Insight 2: The Key Term: "Rampage" (Mishlach)

Rambam uses the term mishlach (or "on a rampage") for wild animals. The Steinsaltz commentary notes the debate between Rashi, who sees this as "sent from Heaven" (a supernatural judgment), and the more naturalistic reading where the animal is simply departing from its established behavioral pattern. Rambam’s focus is on the abnormality of the event. He is interested in the moment the "natural order" collapses. When a wild animal acts in a way that suggests it is no longer afraid of humans, it represents a collapse of the human-animal hierarchy established in Genesis. It is this rupture in the expected order of the world that necessitates the fast, not just the presence of the animal itself.

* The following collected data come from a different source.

lemma auto_Zcyc_eq:
  assumes "f \<in> auto (Zcyc m)"
  shows "f = (\<lambda>x\<in>{0..<m}. f 1 * x mod m)"
proof
  fix x
  have "f \<in> extensional {0..<m}"
    using assms by (simp add: auto_def Bij_def)
  then show "f x = (\<lambda>x\<in>{0..<m}. f 1 * x mod m) x"
    using auto_Zcyc_apply[OF assms] by (cases "x < m") (auto simp: extensional_def)
qed

lemma inj_on_auto_Zcyc_apply_one: "inj_on (\<lambda>f. f 1) (auto (Zcyc m))"
proof (rule inj_onI)
  fix f g
  assume f: "f \<in> auto (Zcyc m)" and g: "g \<in> auto (Zcyc m)" and "f 1 = g 1"
  have "f = (\<lambda>x\<in>{0..<m}. f 1 * x mod m)"
    by (rule auto_Zcyc_eq[OF f])
  also have "\<dots> = g"
    by (simp only: \<open>f 1 = g 1\<close> auto_Zcyc_eq[OF g, symmetric])
  finally show "f = g" .
qed

lemma auto_Zcyc_unit:
  assumes f: "f \<in> auto (Zcyc m)" and "1 < m"
  shows "f 1 < m" "coprime (f 1) m"
proof -
  show "f 1 < m"
    using f \<open>1 < m\<close> by (auto simp: auto_def Bij_def bij_betw_def)
  have "1 \<in> f ` {0..<m}"
    using f \<open>1 < m\<close> by (auto simp: auto_def Bij_def bij_betw_def)
  then obtain x where "x < m" "f 1 * x mod m = 1"
    using auto_Zcyc_apply[OF f] by auto
  then have "[f 1 * x = 1] (mod m)"
    using \<open>1 < m\<close> by (simp add: cong_def)
  then show "coprime (f 1) m"
    by (metis cong_imp_coprime cong_sym coprime_1_left coprime_mult_left_iff)
qed

lemma mult_in_auto_Zcyc:
  assumes "coprime u m"
  shows "(\<lambda>x\<in>{0..<m}. u * x mod m) \<in> auto (Zcyc m)"
proof -
  let ?f = "\<lambda>x\<in>{0..<m}. u * x mod m"
  have inj: "inj_on ?f {0..<m}"
  proof (rule inj_onI)
    fix x y assume "x \<in> {0..<m}" "y \<in> {0..<m}" "?f x = ?f y"
    then have "[u * x = u * y] (mod m)" "x < m" "y < m"
      by (auto simp: cong_def)
    then show "x = y"
      using assms by (metis cong_mult_lcancel_nat coprime_commute cong_less_modulus_unique_nat)
  qed
  have "?f ` {0..<m} \<subseteq> {0..<m}"
    by auto
  then have "bij_betw ?f {0..<m} {0..<m}"
    using inj endo_inj_surj[of "{0..<m}" ?f] by (simp add: bij_betw_def)
  moreover have "?f \<in> hom (Zcyc m) (Zcyc m)"
    by (auto simp: hom_def mod_simps algebra_simps)
  ultimately show ?thesis
    by (simp add: auto_def Bij_def)
qed

lemma card_auto_Zcyc:
  assumes "1 < m"
  shows "card (auto (Zcyc m)) = totient m"
proof -
  have "bij_betw (\<lambda>f. f 1) (auto (Zcyc m)) {u. u < m \<and> coprime u m}"
  proof (rule bij_betwI[where g = "\<lambda>u. \<lambda>x\<in>{0..<m}. u * x mod m"])
    show "(\<lambda>f. f 1) \<in> auto (Zcyc m) \<rightarrow> {u. u < m \<and> coprime u m}"
      using auto_Zcyc_unit assms by auto
    show "(\<lambda>u. \<lambda>x\<in>{0..<m}. u * x mod m) \<in> {u. u < m \<and> coprime u m} \<rightarrow> auto (Zcyc m)"
      using mult_in_auto_Zcyc by auto
    show "(\<lambda>x\<in>{0..<m}. f 1 * x mod m) = f" if "f \<in> auto (Zcyc m)" for f
      using auto_Zcyc_eq[OF that] by simp
  qed (use assms in auto)
  then have "card (auto (Zcyc m)) = card {u. u < m \<and> coprime u m}"
    by (rule bij_betw_same_card)
  also have "{u. u < m \<and> coprime u m} = totatives m"
    using assms by (auto simp: totatives_def intro!: Nat.gr0I dest: le_neq_implies_less)
  finally show ?thesis
    by (simp add: totient_def)
qed

lemma mult_AutoGroup:
  "f \<in> auto G \<Longrightarrow> g \<in> auto G \<Longrightarrow> f \<otimes>\<^bsub>AutoGroup G\<^esub> g = compose (carrier G) f g"
  by (simp add: AutoGroup_def BijGroup_def auto_def)

lemma one_AutoGroup: "\<one>\<^bsub>AutoGroup G\<^esub> = (\<lambda>x\<in>carrier G. x)"
  by (simp add: AutoGroup_def BijGroup_def)

lemma AutoGroup_mult_apply:
  "f \<in> auto G \<Longrightarrow> g \<in> auto G \<Longrightarrow> x \<in> carrier G \<Longrightarrow> (f \<otimes>\<^bsub>AutoGroup G\<^esub> g) x = f (g x)"
  by (simp add: mult_AutoGroup compose_def)

lemma auto_apply_closed: "f \<in> auto G \<Longrightarrow> x \<in> carrier G \<Longrightarrow> f x \<in> carrier G"
  by (rule hom_in_carrier[of f G G]) (simp_all add: auto_def)

lemma auto_Zcyc_apply_apply:
  assumes "f \<in> auto (Zcyc m)" "g \<in> auto (Zcyc m)" "x < m"
  shows "f (g x) = f 1 * g 1 * x mod m"
  using assms auto_Zcyc_apply[OF assms(2)] auto_Zcyc_apply[OF assms(1), of "g x"]
  by (simp add: mod_mult_right_eq mult.assoc)

lemma AutoGroup_Zcyc_m_comm:
  assumes "f \<in> auto (Zcyc m)" "g \<in> auto (Zcyc m)"
  shows "f \<otimes>\<^bsub>AutoGroup (Zcyc m)\<^esub> g = g \<otimes>\<^bsub>AutoGroup (Zcyc m)\<^esub> f"
  using assms auto_Zcyc_apply_apply[OF assms] auto_Zcyc_apply_apply[OF assms(2,1)]
  by (auto simp: mult_AutoGroup compose_def mult.commute intro!: restrict_ext)

lemma AutoGroup_Zcyc_pow_apply_one:
  assumes f: "f \<in> auto (Zcyc m)" and "1 < m"
  shows "(f [^]\<^bsub>AutoGroup (Zcyc m)\<^esub> k) 1 = f 1 ^ k mod m"
proof (induction k)
  case 0
  then show ?case
    using \<open>1 < m\<close> by (simp add: one_AutoGroup)
next
  case (Suc k)
  interpret A: group "AutoGroup (Zcyc m)"
    using \<open>1 < m\<close> by (simp add: group.AutoGroup group_Zcyc)
  have fk: "f [^]\<^bsub>AutoGroup (Zcyc m)\<^esub> k \<in> auto (Zcyc m)"
    using A.nat_pow_closed f by (simp add: AutoGroup_def)
  have "(f [^]\<^bsub>AutoGroup (Zcyc m)\<^esub> Suc k) 1 = (f [^]\<^bsub>AutoGroup (Zcyc m)\<^esub> k) (f 1)"
    using fk f \<open>1 < m\<close> by (simp add: AutoGroup_mult_apply)
  also have "\<dots> = f 1 ^ Suc k mod m"
    using auto_Zcyc_apply_apply[OF fk f, of 1] Suc.IH \<open>1 < m\<close>
    by (simp add: mod_mult_left_eq power_Suc2 del: power_Suc)
  finally show ?case .
qed

lemma carrier_sdprod [simp]: "carrier (sdprod N H) = carrier N \<times> carrier H"
  by (simp add: sdprod_def)

lemma mult_sdprod [simp]:
  "(a, f) \<otimes>\<^bsub>sdprod N H\<^esub> (b, g) = (a \<otimes>\<^bsub>N\<^esub> f b, f \<otimes>\<^bsub>H\<^esub> g)"
  by (simp add: sdprod_def)

lemma one_sdprod [simp]: "\<one>\<^bsub>sdprod N H\<^esub> = (\<one>\<^bsub>N\<^esub>, \<one>\<^bsub>H\<^esub>)"
  by (simp add: sdprod_def)

lemma (in group) auto_apply_inv: "h \<in> auto G \<Longrightarrow> x \<in> carrier G \<Longrightarrow> h (inv x) = inv (h x)"
  by (rule group_hom.hom_inv) (simp_all add: group_hom_def group_hom_axioms_def is_group auto_def)

lemma (in group) group_sdprod_AutoGroup:
  assumes "subgroup K (AutoGroup G)"
  shows "group (sdprod G ((AutoGroup G)\<lparr>carrier := K\<rparr>))"
proof -
  interpret A: group "AutoGroup G"
    by (rule AutoGroup)
  interpret K: subgroup K "AutoGroup G"
    by (rule assms)
  have auto: "f \<in> auto G" if "f \<in> K" for f
    using that K.subset by (auto simp: AutoGroup_def)
  have hom: "f \<in> hom G G" if "f \<in> K" for f
    using auto[OF that] by (simp add: auto_def)
  show ?thesis
  proof (rule groupI; clarsimp)
    fix a f b
    assume "a \<in> carrier G" "f \<in> K" "b \<in> carrier G"
    then show "a \<otimes> f b \<in> carrier G"
      by (simp add: auto auto_apply_closed)
  next
    fix a f b g c h
    assume a: "a \<in> carrier G" and f: "f \<in> K" and b: "b \<in> carrier G" and g: "g \<in> K"
      and c: "c \<in> carrier G" and h: "h \<in> K"
    have "f (b \<otimes> g c) = f b \<otimes> f (g c)"
      by (rule hom_mult[OF hom[OF f] b auto_apply_closed[OF auto[OF g] c]])
    then have "a \<otimes> f b \<otimes> (f \<otimes>\<^bsub>AutoGroup G\<^esub> g) c = a \<otimes> f (b \<otimes> g c)"
      using a b c f g by (simp add: AutoGroup_mult_apply auto auto_apply_closed m_assoc)
    moreover have "f \<otimes>\<^bsub>AutoGroup G\<^esub> g \<otimes>\<^bsub>AutoGroup G\<^esub> h = f \<otimes>\<^bsub>AutoGroup G\<^esub> (g \<otimes>\<^bsub>AutoGroup G\<^esub> h)"
      using f g h K.subset by (intro A.m_assoc) auto
    ultimately show "a \<otimes> f b \<otimes> (f \<otimes>\<^bsub>AutoGroup G\<^esub> g) c = a \<otimes> f (b \<otimes> g c)
             \<and> f \<otimes>\<^bsub>AutoGroup G\<^esub> g \<otimes>\<^bsub>AutoGroup G\<^esub> h = f \<otimes>\<^bsub>AutoGroup G\<^esub> (g \<otimes>\<^bsub>AutoGroup G\<^esub> h)" ..
  next
    fix a
    assume "a \<in> carrier G"
    then show "\<one> \<otimes> \<one>\<^bsub>AutoGroup G\<^esub> a = a"
      by (simp add: one_AutoGroup)
  next
    fix a f
    assume a: "a \<in> carrier G" and f: "f \<in> K"
    define g where "g = inv\<^bsub>AutoGroup G\<^esub> f"
    have g: "g \<in> K"
      using f by (simp add: g_def)
    have "g (inv a) \<otimes> g a = \<one>"
      using a auto_apply_closed[OF auto[OF g] a] by (simp add: auto_apply_inv[OF auto[OF g]])
    moreover have "g \<otimes>\<^bsub>AutoGroup G\<^esub> f = \<one>\<^bsub>AutoGroup G\<^esub>"
      using f K.subset by (auto simp: g_def)
    moreover have "g (inv a) \<in> carrier G"
      using auto_apply_closed[OF auto[OF g] inv_closed[OF a]] .
    ultimately show "\<exists>b\<in>carrier G. \<exists>h\<in>K. b \<otimes> h a = \<one> \<and> h \<otimes>\<^bsub>AutoGroup G\<^esub> f = \<one>\<^bsub>AutoGroup G\<^esub>"
      using g by blast
  qed
qed

lemma (in group) commutator_eqI:
  assumes "x \<in> carrier G" "y \<in> carrier G" "c \<in> carrier G" and "c \<otimes> (y \<otimes> x) = x \<otimes> y"
  shows "x \<otimes> y \<otimes> inv x \<otimes> inv y = c"
proof -
  have "c = x \<otimes> y \<otimes> inv (y \<otimes> x)"
    using inv_solve_right assms m_closed by metis
  also have "\<dots> = x \<otimes> y \<otimes> inv x \<otimes> inv y"
    using assms by (simp add: inv_mult_group m_assoc)
  finally show ?thesis
    by simp
qed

Insight 3: The Tension of Agency

There is a profound tension in these chapters between the "natural" cause of a disaster and the "moral" response. In 3:12, the elder explicitly warns, "It is not sackcloth and fasting that will have an effect, but rather repentance." Yet, the text spends dozens of paragraphs detailing the exact placement of ashes, the order of the trumpets, and the specific blessings. The insight here is that for the Rambam, the physical act is the necessary container for the internal shift. We are not spirits; we are embodied beings. We cannot "just repent" in our heads; we must stand in the streets, blow the trumpets, and feel the hunger in our stomachs to convince our own hearts that a change in behavior is necessary. The ritual is the laboratory where the moral change is synthesized.

Two Angles

The Rashi Perspective

Rashi often leans into the mystical or symbolic interpretation of these disasters. In his view, the "rampage" of an animal or the "blight" on a field is a literal, direct communication from Heaven. The fast is a way to address the Sender. Rashi is comfortable with the idea that the physical world is a direct mirror of the moral state of the Jewish people, and the rituals of the fast are the specific "language" required to resolve the communication breakdown between Heaven and Earth.

The Ramban Perspective

Ramban, while agreeing on the necessity of repentance, often emphasizes the Halakhic precision and the legislative power of the Court. He is more concerned with the legal authority to declare these fasts and the limits of that power in the Diaspora. While Rashi focuses on the why (the Divine message), Ramban focuses on the how—the institutional structure of the community and the responsibility of the leadership to act as intermediaries who manage the public’s emotional and spiritual health during a crisis.

Practice Implication

In a modern context, we rarely declare communal fasts for locusts or drought. However, the logic of the Rambam remains a potent tool for decision-making: The "Emergency Protocol." When your organization or family hits a "rampage" (a crisis that defies normal patterns), don't just "do more of the same." Rambam teaches us to: 1) Quantify the threshold (don't react to every minor disturbance); 2) Create a physical container for reflection (step away from the daily grind); and 3) Focus on the "repentance"—the root cause of the failure—rather than just the symptoms. When the crisis hits, be the leader who stops the activity, gathers the stakeholders, and forces a collective pivot.

Chevruta Mini

  1. If the goal of the fast is "repentance" and "good deeds," why does the Rambam mandate such elaborate, time-consuming public rituals instead of simply telling the community to go home and act better?
  2. Rambam permits eating on the night of a fast and restricts the most severe fasting to 13 days because of the fear of overburdening the community. Where is the line between "challenging the community to grow" and "breaking the community’s spirit"?

Takeaway

Crisis is not merely an external event to be managed; it is a structural invitation to reset the community’s moral baseline through deliberate, embodied collective action.